Third Party & Independents Archives

Kinky Politics

Author and singer Kinky Friedman has announced his candidacy for Governor of Texas in 2006. While I find no cause for concern in his platform, which focuses on education and judicial reform, and I appreciate the levity he brings to the table, are third parties doomed to only get media coverage if they can run a ‘gag’ candidate? Third parties have a tough time competing beyond the State Legislature level anywhere.

There are notable exceptions of course, but for the most part a lack of funds and a complete lack of interest on the part of the media prevent us from being able to reach a substantial audience. While money is a big issue, the media and the district boundaries probably have a far greater effect on third party candidates for any office.

Unless the candidate already has a high name recognition factor, they will be completely ignored by the media. Even the local TV stations and newspapers will only cover the Democrat and Republican candidates in most districts. In St. Louis we have neighborhood papers as well as the daily ones and even at that very local oriented level, where candidates can actually speak to every single voter in the course of a campaign, the neighborhood papers ignore third parties. Without media coverage, candidates cannot reach outside the already committed base.
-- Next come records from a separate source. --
lemma tvs_int_combination_near_zero:
  fixes T :: "'a::{real_vector,topological_space} set"
  assumes tv: "tvs TYPE('a)" and "finite T" and dep: "(\<Sum>a\<in>T. u a *\<^sub>R a) = 0"
    and "v \<in> T" "u v \<noteq> 0" and "open U" "0 \<in> U"
  obtains q :: int and z :: "'a \<Rightarrow> int"
    where "q > 0" "z v = q" "(\<Sum>a\<in>T. of_int (z a) *\<^sub>R a) \<in> U"
proof -
  obtain e where e: "e > 0" "\<forall>r. (\<forall>a\<in>T. \<bar>r a\<bar> \<le> e) \<longrightarrow> (\<Sum>a\<in>T. r a *\<^sub>R a) \<in> U"
    using tvs_small_combination[OF tv \<open>finite T\<close> \<open>open U\<close> \<open>0 \<in> U\<close>] by (elim exE conjE)
  have "min e 1 > 0" using e(1) by simp
  then obtain q z where q: "q > 0"
    and z: "\<And>a. a \<in> T \<Longrightarrow> \<bar>of_int (z a) - of_int q * (u a / u v)\<bar> < min e 1"
    by (rule Dirichlet_approx_finite_set[OF \<open>finite T\<close>, where u = "\<lambda>a. u a / u v"]) blast
  have "\<bar>of_int (z v - q)\<bar> < (1::real)"
    using z[OF \<open>v \<in> T\<close>] \<open>u v \<noteq> 0\<close> by simp
  hence "z v = q" by linarith
  have close: "\<bar>of_int (z a) - of_int q * (u a / u v)\<bar> \<le> e" if "a \<in> T" for a
    using z[OF that] by (simp add: min_less_iff_conj)
  have "(\<Sum>a\<in>T. of_int (z a) *\<^sub>R a)
        = (\<Sum>a\<in>T. of_int (z a) *\<^sub>R a) - (of_int q / u v) *\<^sub>R (\<Sum>a\<in>T. u a *\<^sub>R a)"
    using dep by simp
  also have "\<dots> = (\<Sum>a\<in>T. (of_int (z a) - of_int q * (u a / u v)) *\<^sub>R a)"
    by (simp add: scaleR_diff_left sum_subtractf scaleR_sum_right)
  also have "\<dots> \<in> U"
    using spec[OF e(2), of "\<lambda>a. of_int (z a) - of_int q * (u a / u v)"] close by auto
  finally show ?thesis using q \<open>z v = q\<close> that by blast
qed

lemma top_indep_imp_independent:
  fixes A :: "'a::{real_vector,t1_space} set"
  assumes tv: "tvs TYPE('a)" and ti: "top_indep A"
  shows "independent A"
proof
  assume "dependent A"
  then obtain T u v where T: "finite T" "T \<subseteq> A" "(\<Sum>a\<in>T. u a *\<^sub>R a) = 0" "v \<in> T" "u v \<noteq> 0"
    unfolding dependent_explicit by blast
  have "v \<noteq> 0" using ti T unfolding top_indep_def by auto
  hence "open (- {v})" "0 \<in> - {v}" by auto
  then obtain W where W: "open W" "0 \<in> W" "W \<subseteq> - {v}"
    and balanced: "\<And>x s. x \<in> W \<Longrightarrow> \<bar>s\<bar> \<le> 1 \<Longrightarrow> s *\<^sub>R x \<in> W"
    by (rule tvs_balanced_nbhd[OF tv]) blast
  hence "nbhd0 W" unfolding nbhd0_def by blast
  obtain U where "nbhd0 U" and U: "\<forall>F (z::'a \<Rightarrow> int). finite F \<longrightarrow> F \<subseteq> A \<longrightarrow>
         (\<Sum>a\<in>F. of_int (z a) *\<^sub>R a) \<in> U \<longrightarrow> (\<forall>a\<in>F. of_int (z a) *\<^sub>R a \<in> W)"
    using ti[unfolded top_indep_def, THEN conjunct2, rule_format, OF \<open>nbhd0 W\<close>]
    by (elim exE conjE)
  then obtain U0 where U0: "open U0" "0 \<in> U0" "U0 \<subseteq> U" unfolding nbhd0_def by auto
  obtain q z where q: "q > 0" and "z v = q" and "(\<Sum>a\<in>T. of_int (z a) *\<^sub>R a) \<in> U0"
    by (rule tvs_int_combination_near_zero[OF tv T(1,3,4,5) U0(1,2)]) blast
  hence "of_int q *\<^sub>R v \<in> W"
    using U U0(3) T(1,2,4) by blast
  hence "(1 / of_int q) *\<^sub>R (of_int q *\<^sub>R v) \<in> W"
    by (rule balanced) (use q in simp)
  hence "v \<in> W" using q by simp
  with W(3) show False by auto
qed

theorem lemma3p3:
  fixes A :: "'a::{real_vector, t2_space} set"
  assumes "tvs TYPE('a)"
  shows "(top_lin_indep A \<longrightarrow> top_indep A) \<and>
         (top_indep A \<longrightarrow> independent A) \<and>
         (finite A \<longrightarrow> (top_lin_indep A \<longleftrightarrow> top_indep A) \<and> (top_indep A \<longleftrightarrow> independent A))"
  using top_lin_indep_imp_top_indep top_indep_imp_independent[OF assms]
    independent_imp_top_lin_indep[OF assms] by blast

end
The other major factor that is changing the dynamics of local and state elections is district boundaries. Gerrymandering by both Democrats and Republicans attempts to create as many "safe" districts as possible. Which means if you support anyone other than the party in power, then your vote likely is wasted? Again, in St Louis City the Republicans don't even bother running anyone in a lot of the wards. In many parts of the country, the Democrats don't bother running anyone in "safe" Republican areas. With that being the case, what chance do third parties have? In Friedman's case, even he admits that since Texas has been gerrymandered so wildly there is pretty much zero chance of any non-Republican ever winning a state level office there again.
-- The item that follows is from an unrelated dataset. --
(* (i) For every $r\ge 2$ there exist jointly distributed binary random variables $V_1,\dots,V_r$ for which $R^{s.c.}_{SW} > R_{SW}$ (for instance $V_1=V_2=\dots=V_r$ with $H(V_1)>0$, for which $R_{SW}=H(V_1)/r$ while $R^{s.c.}_{SW}=H(V_1)$). (ii) For every joint distribution $p(v_1,\dots,v_r)$ of binary random variables, $$R^{s.c.}_{SW}\le \min\Big(r\,R_{SW},\ \max_{1\le i\le r} H(V_i)\Big).$$
   Context: Let $V_1,\dots,V_r$ be jointly distributed binary random variables with joint law $p(v_1,\dots,v_r)$, and for each $n$ let $(V_1[t],\dots,V_r[t])$, $t=1,\dots,n$, be i.i.d. copies; write $V_i^n$ for the column vector $(V_i[1],\dots,V_i[n])^t\in\mathbb{F}_2^n$. A rate $R\ge 0$ is achievable with a common compression matrix if for every $\epsilon>0$ and all sufficiently large $n$ there exist a single binary matrix $B$ of size $\lceil nR\rceil\times n$ and a decoding map $g$ such that $\Pr\big[g(BV_1^n,\dots,BV_r^n)\neq (V_1^n,\dots,V_r^n)\big]\le\epsilon$, where the products $BV_i^n$ are computed over $\mathbb{F}_2$. $R^{s.c.}_{SW}$ denotes the infimum of all rates achievable with a common compression matrix. $R_{SW}$ denotes the minimum $R$ such that the symmetric rate tuple $(R,\dots,R)$ lies in the Slepian–Wolf region of $(V_1,\dots,V_r)$, i.e. the minimum $R$ with $|S|\,R\ge H(V_S\mid V_{S^c})$ for every nonempty $S\subseteq\{1,\dots,r\}$ (here $V_S=(V_i)_{i\in S}$). $H(\cdot)$ denotes Shannon entropy in bits. *)

theory Defs
  imports Complex_Main "HOL-Library.Z2"
begin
How do we get our message out when the duopoly is doing everything in their power to retain and consolidate their power? The very idea of "safe" districts is fundamentally undemocratic. And yet it is becoming more and more the norm. Fewer than 5 percent of Congressional races in 2004 had any level of risk to the incumbent at all. The media goes out of their way to not cover these sorts of problems and tries to deny they exist when they have to address them. I don't have any answers; I want to know what ideas you might have on how to deal with these problems.